The human face is surely one of the most challenging objects to animate realistically. To make it look completely real takes a very special kind of talent
When you look at this video, the first thing you think isn't "that's a very good 3d animation of a face". Far from it. What you actually think is "that's a face". And that's a huge compliment to the designer (who, contrary to our caption in the photo) was actually a human, Chris Jones, and not a computer.
The minute you get close to imitating a human - whether it's the face or the body - you come up against the now well-known phenomenon of the Uncanny Valley. This is the chasm that you have to cross to attain believability in your animations. What's really odd about it is that the dynamic should be: "the better the animation, the more real it looks". Simple enough, you'd think.
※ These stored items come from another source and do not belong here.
(* Let $n=p_1^{a_1}p_2^{a_2}\cdots p_r^{a_r}$ be the prime factorization of an integer $n$, with distinct primes $p_i$ and exponents $a_i\ge 3$ for all $i$, and suppose $n$ is $k$-multiplicatively $e$-perfect for an integer $k\ge 2$, i.e. $T_e(n)=n^k$. Then $$2^{r-1}<k<\prod_{i=1}^r\left(a_i^{\,0.5+\frac{C(r-1)}{\log\log a_i}}\right)^{1/r},$$ where $C=C_1\log 2$ and $C_1=1.5379\ldots$.
   Context: $d(m)$ denotes the number of positive divisors of $m$. For $n=p_1^{a_1}\cdots p_r^{a_r}>1$, a divisor $d=p_1^{b_1}\cdots p_r^{b_r}$ of $n$ is an exponential divisor ($e$-divisor) if $b_i\mid a_i$ for all $i$; $T_e(n)$ denotes the product of all $e$-divisors of $n$. The constant $C_1=1.5379\ldots$ is the Nicolas–Robin constant: the best constant such that $\frac{\log d(m)}{\log 2}\le C_1\frac{\log m}{\log\log m}$ for all $m\ge 3$, with equality at $m=2^5\cdot3^3\cdot5^2\cdot7\cdot11\cdot13\cdot17\cdot19$. Logarithms are natural. *)

theory Defs
  imports "HOL-Computational_Algebra.Primes" Complex_Main
begin

definition num_divisors :: "nat \<Rightarrow> nat" where
  "num_divisors m = card {d. d dvd m}"

definition e_divisor :: "nat \<Rightarrow> nat \<Rightarrow> bool" where
  "e_divisor d n \<longleftrightarrow> d dvd n \<and>
     (\<forall>p\<in>prime_factors n. multiplicity p d dvd multiplicity p n)"

definition T_e :: "nat \<Rightarrow> nat" where
  "T_e n = \<Prod>{d. e_divisor d n}"

text \<open>Nicolas--Robin constant: the best constant C1 with
  log d(m) / log 2 \<le> C1 * log m / log log m for all m \<ge> 3.\<close>
definition C1 :: real where
  "C1 = Sup {(ln (real (num_divisors m)) / ln 2) * ln (ln (real m)) / ln (real m) | m. m \<ge> 3}"

end

theory Submission
  imports Defs "HOL-Analysis.Complex_Transcendental"
begin

text \<open>Write \<open>n = \<Prod>p. p ^ a_p\<close> with \<open>r\<close> prime factors. The \<open>e\<close>-divisors of \<open>n\<close> correspond to
  tuples \<open>(b_p)\<close> with \<open>b_p\<close> dividing \<open>a_p\<close>, so the exponent of \<open>p\<close> in \<open>T_e(n)\<close> is
  \<open>\<sigma>(a_p)\<close> times the product of the \<open>d(a_q)\<close> over \<open>q \<noteq> p\<close>, and \<open>T_e(n) = n^k\<close> says
  \<open>k a_p = \<sigma>(a_p) \<Prod>q\<noteq>p. d(a_q)\<close>. Since \<open>\<sigma>(a) > a\<close> and \<open>d(a) \<ge> 2\<close>, a single such identity
  gives \<open>k > 2^(r-1)\<close>. Multiplying all \<open>r\<close> of them gives \<open>k^r \<Prod>p. a_p = \<Prod>p. \<sigma>(a_p) d(a_p)^(r-1)\<close>,
  and the upper bound follows from \<open>\<sigma>(a)^2 < a^3\<close> for \<open>a \<ge> 3\<close> together with
  \<open>d(a) \<le> a powr (C1 log 2 / log log a)\<close>, which is what the definition of \<open>C1\<close> says.\<close>

section \<open>Divisors as exponent vectors\<close>

definition divisor_sum :: "nat \<Rightarrow> nat" where
  "divisor_sum m = \<Sum>{d. d dvd m}"

lemma num_divisors_ge_2: "a \<ge> 2 \<Longrightarrow> num_divisors a \<ge> 2"
  unfolding num_divisors_def
  by (rule order.trans[OF _ card_mono[of _ "{1, a}"]]) auto

lemma divisor_sum_ge: "a \<ge> 2 \<Longrightarrow> divisor_sum a \<ge> a + 1"
  unfolding divisor_sum_def
  by (rule order.trans[OF _ sum_mono2[of _ "{1, a}"]]) auto

lemma prime_factors_nonempty: "n > (1::nat) \<Longrightarrow> prime_factors n \<noteq> {}"
  using prime_factorization_nat[of n] by auto

definition prime_power_prod :: "nat set \<Rightarrow> (nat \<Rightarrow> nat) \<Rightarrow> nat" where
  "prime_power_prod P f = (\<Prod>q\<in>P. q ^ f q)"

lemma multiplicity_prime_power_prod:
  assumes "m > 0" "prime p"
  shows "multiplicity p (prime_power_prod (prime_factors m) f) =
           (if p \<in> prime_factors m then f p else 0)"
  unfolding prime_power_prod_def
  by (rule multiplicity_prod_prime_powers) (use assms in auto)

lemma prime_power_prod_pos: "m > 0 \<Longrightarrow> prime_power_prod (prime_factors m) f > 0"
  unfolding prime_power_prod_def
  by (rule prod_pos) (metis in_prime_factors_imp_prime prime_gt_0_nat zero_less_power)

text \<open>With \<open>S q = {..multiplicity q m}\<close> this enumerates all divisors of \<open>m\<close>, with
  \<open>S q = {b. b dvd multiplicity q m}\<close> the exponential divisors.\<close>
lemma bij_betw_exponent_vectors_divisors:
  fixes m :: nat
  assumes m: "m > 0" and S: "\<And>q. q \<in> prime_factors m \<Longrightarrow> S q \<subseteq> {..multiplicity q m}"
  shows "bij_betw (prime_power_prod (prime_factors m)) (PiE (prime_factors m) S)
           {d. d dvd m \<and> (\<forall>q\<in>prime_factors m. multiplicity q d \<in> S q)}"
proof -
  let ?P = "prime_factors m" and ?\<pi> = "prime_power_prod (prime_factors m)"
  have exponent: "multiplicity q (?\<pi> f) = f q" if "q \<in> ?P" for q f
    using multiplicity_prime_power_prod[OF m, of q f] that by auto
  show ?thesis
  proof (rule bij_betw_byWitness[where f' = "\<lambda>d. restrict (\<lambda>q. multiplicity q d) ?P"])
    show "\<forall>f\<in>PiE ?P S. restrict (\<lambda>q. multiplicity q (?\<pi> f)) ?P = f"
      by (auto simp: exponent PiE_iff intro!: ext)
    show "\<forall>d\<in>{d. d dvd m \<and> (\<forall>q\<in>?P. multiplicity q d \<in> S q)}.
            ?\<pi> (restrict (\<lambda>q. multiplicity q d) ?P) = d"
    proof safe
      fix d assume "d dvd m"
      then have "d > 0" "prime_factors d \<subseteq> ?P"
        using m by (auto intro: Nat.gr0I dvd_trans simp: prime_factors_dvd)
      then have "d = (\<Prod>q\<in>prime_factors d. q ^ multiplicity q d)"
        using prime_factorization_nat by blast
      also have "\<dots> = (\<Prod>q\<in>?P. q ^ multiplicity q d)"
        by (rule prod.mono_neutral_left[OF finite_set_mset \<open>prime_factors d \<subseteq> ?P\<close>])
           (auto simp: prime_factors_multiplicity)
      finally show "?\<pi> (restrict (\<lambda>q. multiplicity q d) ?P) = d"
        unfolding prime_power_prod_def by simp
    qed
    show "(\<lambda>d. restrict (\<lambda>q. multiplicity q d) ?P) `
            {d. d dvd m \<and> (\<forall>q\<in>?P. multiplicity q d \<in> S q)} \<subseteq> PiE ?P S"
      by auto
    show "?\<pi> ` PiE ?P S \<subseteq> {d. d dvd m \<and> (\<forall>q\<in>?P. multiplicity q d \<in> S q)}"
    proof (rule image_subsetI)
      fix f assume f: "f \<in> PiE ?P S"
      have "multiplicity p (?\<pi> f) \<le> multiplicity p m" if "prime p" for p
        using multiplicity_prime_power_prod[OF m that, of f] f S by (auto simp: PiE_iff)
      then have "?\<pi> f dvd m"
        using prime_power_prod_pos[OF m] by (intro multiplicity_le_imp_dvd) auto
      then show "?\<pi> f \<in> {d. d dvd m \<and> (\<forall>q\<in>?P. multiplicity q d \<in> S q)}"
        using f exponent by (auto simp: PiE_iff)
    qed
  qed
qed

lemma bij_betw_exponent_vectors_all_divisors:
  fixes m :: nat
  assumes "m > 0"
  shows "bij_betw (prime_power_prod (prime_factors m))
           (PiE (prime_factors m) (\<lambda>q. {..multiplicity q m})) {d. d dvd m}"
proof -
  have "{d. d dvd m} = {d. d dvd m \<and> (\<forall>q\<in>prime_factors m. multiplicity q d \<in> {..multiplicity q m})}"
    using assms by (auto intro: dvd_imp_multiplicity_le)
  then show ?thesis
    using bij_betw_exponent_vectors_divisors[OF assms, of "\<lambda>q. {..multiplicity q m}"] by simp
qed

lemma num_divisors_eq_prod:
  "m > 0 \<Longrightarrow> num_divisors m = (\<Prod>q\<in>prime_factors m. multiplicity q m + 1)"
  unfolding num_divisors_def
  by (auto simp: card_PiE bij_betw_same_card[OF bij_betw_exponent_vectors_all_divisors, symmetric])

lemma divisor_sum_eq_prod:
  assumes "m > 0"
  shows "divisor_sum m = (\<Prod>q\<in>prime_factors m. \<Sum>i\<le>multiplicity q m. q ^ i)"
proof -
  let ?P = "prime_factors m"
  have "divisor_sum m = (\<Sum>f\<in>PiE ?P (\<lambda>q. {..multiplicity q m}). prime_power_prod ?P f)"
    unfolding divisor_sum_def
    using sum.reindex_bij_betw[OF bij_betw_exponent_vectors_all_divisors[OF assms], of id] by simp
  also have "\<dots> = (\<Prod>q\<in>?P. \<Sum>i\<le>multiplicity q m. q ^ i)"
    unfolding prime_power_prod_def by (rule prod_sum_PiE[symmetric]) auto
  finally show ?thesis .
qed

lemma multiplicity_T_e:
  assumes n: "n > 0" and p: "p \<in> prime_factors n"
  shows "multiplicity p (T_e n) = divisor_sum (multiplicity p n) *
           (\<Prod>q\<in>prime_factors n - {p}. num_divisors (multiplicity q n))"
proof -
  let ?P = "prime_factors n" and ?S = "\<lambda>q. {b. b dvd multiplicity q n}"
  let ?\<pi> = "prime_power_prod ?P"
  have S: "?S q \<subseteq> {..multiplicity q n}" "finite (?S q)" if "q \<in> ?P" for q
    using that by (auto simp: prime_factors_multiplicity intro: dvd_imp_le)
  have bij: "bij_betw ?\<pi> (PiE ?P ?S) {d. e_divisor d n}"
    unfolding e_divisor_def using bij_betw_exponent_vectors_divisors[OF n S(1)] by simp
  have fin: "finite (PiE ?P ?S)"
    using S(2) by (intro finite_PiE) auto
  have "multiplicity p (T_e n) = (\<Sum>d\<in>{d. e_divisor d n}. multiplicity p d)"
    unfolding T_e_def
  proof (rule prime_elem_multiplicity_prod_distrib[where f = id, simplified])
    show "prime_elem p" using p by (auto intro: prime_imp_prime_elem)
    show "0 \<notin> {d. e_divisor d n}" using n by (auto simp: e_divisor_def)
    show "finite {d. e_divisor d n}" using bij_betw_finite[OF bij] fin by simp
  qed
  also have "\<dots> = (\<Sum>f\<in>PiE ?P ?S. multiplicity p (?\<pi> f))"
    using sum.reindex_bij_betw[OF bij, of "multiplicity p"] by simp
  \<comment> \<open>writing \<open>f p\<close> as a product over all primes lets the sum over \<open>PiE\<close> factor\<close>
  also have "\<dots> = (\<Sum>f\<in>PiE ?P ?S. \<Prod>q\<in>?P. if q = p then f q else 1)"
    using multiplicity_prime_power_prod[OF n in_prime_factors_imp_prime[OF p]] p
    by (simp add: prod.delta)
  also have "\<dots> = (\<Prod>q\<in>?P. \<Sum>b\<in>?S q. if q = p then b else 1)"
    using S(2) by (intro prod_sum_PiE[symmetric]) auto
  also have "\<dots> = (\<Sum>b\<in>?S p. b) * (\<Prod>q\<in>?P - {p}. card (?S q))"
    using p by (subst prod.remove) (auto intro!: prod.cong)
  finally show ?thesis by (simp add: divisor_sum_def num_divisors_def)
qed

section \<open>The divisor sum satisfies \<open>\<sigma>(a)^2 < a^3\<close>\<close>

lemma geometric_sum_sq_ratio_lt:
  fixes q :: real
  assumes "q > 1"
  shows "(\<Sum>i\<le>e. q ^ i)\<^sup>2 / q ^ (3 * e) < q\<^sup>2 / ((q - 1)\<^sup>2 * q ^ e)"
proof -
  have "(\<Sum>i\<le>e. q ^ i) * (q - 1) = q ^ Suc e - 1"
    using geometric_sum[of q "Suc e"] assms by (simp add: lessThan_Suc_atMost)
  then have "((\<Sum>i\<le>e. q ^ i) * (q - 1))\<^sup>2 * q ^ e < (q ^ Suc e)\<^sup>2 * q ^ e"
    using assms one_le_power[of q "Suc e"]
    by (intro mult_strict_right_mono power_strict_mono) (auto simp: sum_nonneg)
  also have "\<dots> = q\<^sup>2 * q ^ (3 * e)"
    by (simp add: power_mult_distrib power_add[symmetric] power_mult[symmetric] algebra_simps)
  finally have "(\<Sum>i\<le>e. q ^ i)\<^sup>2 * ((q - 1)\<^sup>2 * q ^ e) < q\<^sup>2 * q ^ (3 * e)"
    by (simp only: power_mult_distrib mult_ac)
  then show ?thesis
    using assms by (simp add: field_simps)
qed

lemma geometric_sum_sq_ratio_lt_3_4:
  fixes q :: real
  assumes "q \<ge> 3" "e \<ge> 1"
  shows "(\<Sum>i\<le>e. q ^ i)\<^sup>2 / q ^ (3 * e) < 3 / 4"
proof -
  have "q ^ 1 \<le> q ^ e"
    using assms by (intro power_increasing) auto
  then have "q\<^sup>2 / ((q - 1)\<^sup>2 * q ^ e) \<le> q\<^sup>2 / ((q - 1)\<^sup>2 * q)"
    using assms by (intro divide_left_mono mult_left_mono mult_pos_pos) auto
  also have "\<dots> = q / (q - 1)\<^sup>2"
    using assms by (simp add: power2_eq_square)
  also have "\<dots> \<le> 3 / 4"
  proof -
    have "0 \<le> (3 * q - 1) * (q - 3)"
      using assms by simp
    then have "4 * q \<le> 3 * (q - 1)\<^sup>2"
      by (simp add: power2_eq_square algebra_simps)
    moreover have "(q - 1)\<^sup>2 > 0"
      using assms by simp
    ultimately show ?thesis
      by (simp add: divide_le_eq)
  qed
  finally show ?thesis
    using geometric_sum_sq_ratio_lt[of q e] assms by linarith
qed

lemma geometric_sum_sq_ratio_lt_1:
  fixes q :: real
  assumes "q \<ge> 2" "e \<ge> 2"
  shows "(\<Sum>i\<le>e. q ^ i)\<^sup>2 / q ^ (3 * e) < 1"
proof -
  have "q\<^sup>2 \<le> q ^ e"
    using assms by (intro power_increasing) auto
  then have "q\<^sup>2 / ((q - 1)\<^sup>2 * q ^ e) \<le> q\<^sup>2 / ((q - 1)\<^sup>2 * q\<^sup>2)"
    using assms by (intro divide_left_mono mult_left_mono mult_pos_pos) auto
  also have "\<dots> \<le> 1"
    using assms by simp
  finally show ?thesis
    using geometric_sum_sq_ratio_lt[of q e] assms by linarith
qed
But, bizarrely, when you get close to photographic authenticity, there's something in our brains that says "hang on, there's something not right about this". In fact, we start to be uncomfortable or even afraid.
Some psychologists think that this is because our "Old Brain" - the part that has been around since our ancestors were amphibians - is telling us that if something we recognise is behaving oddly, then it is dangerous.
And we have a very high sense of when something doesn't look right. It could be even the slightest movement, or even a misplaced gesture. If something doesn't look right, it could signal illness, or a physical threat (an impostor, trying to attack us?).
It's these messages from our Hippocampus and Amygdala that make we have to defeat by making our animations so perfect that we don't even remotely suspect that they're not real.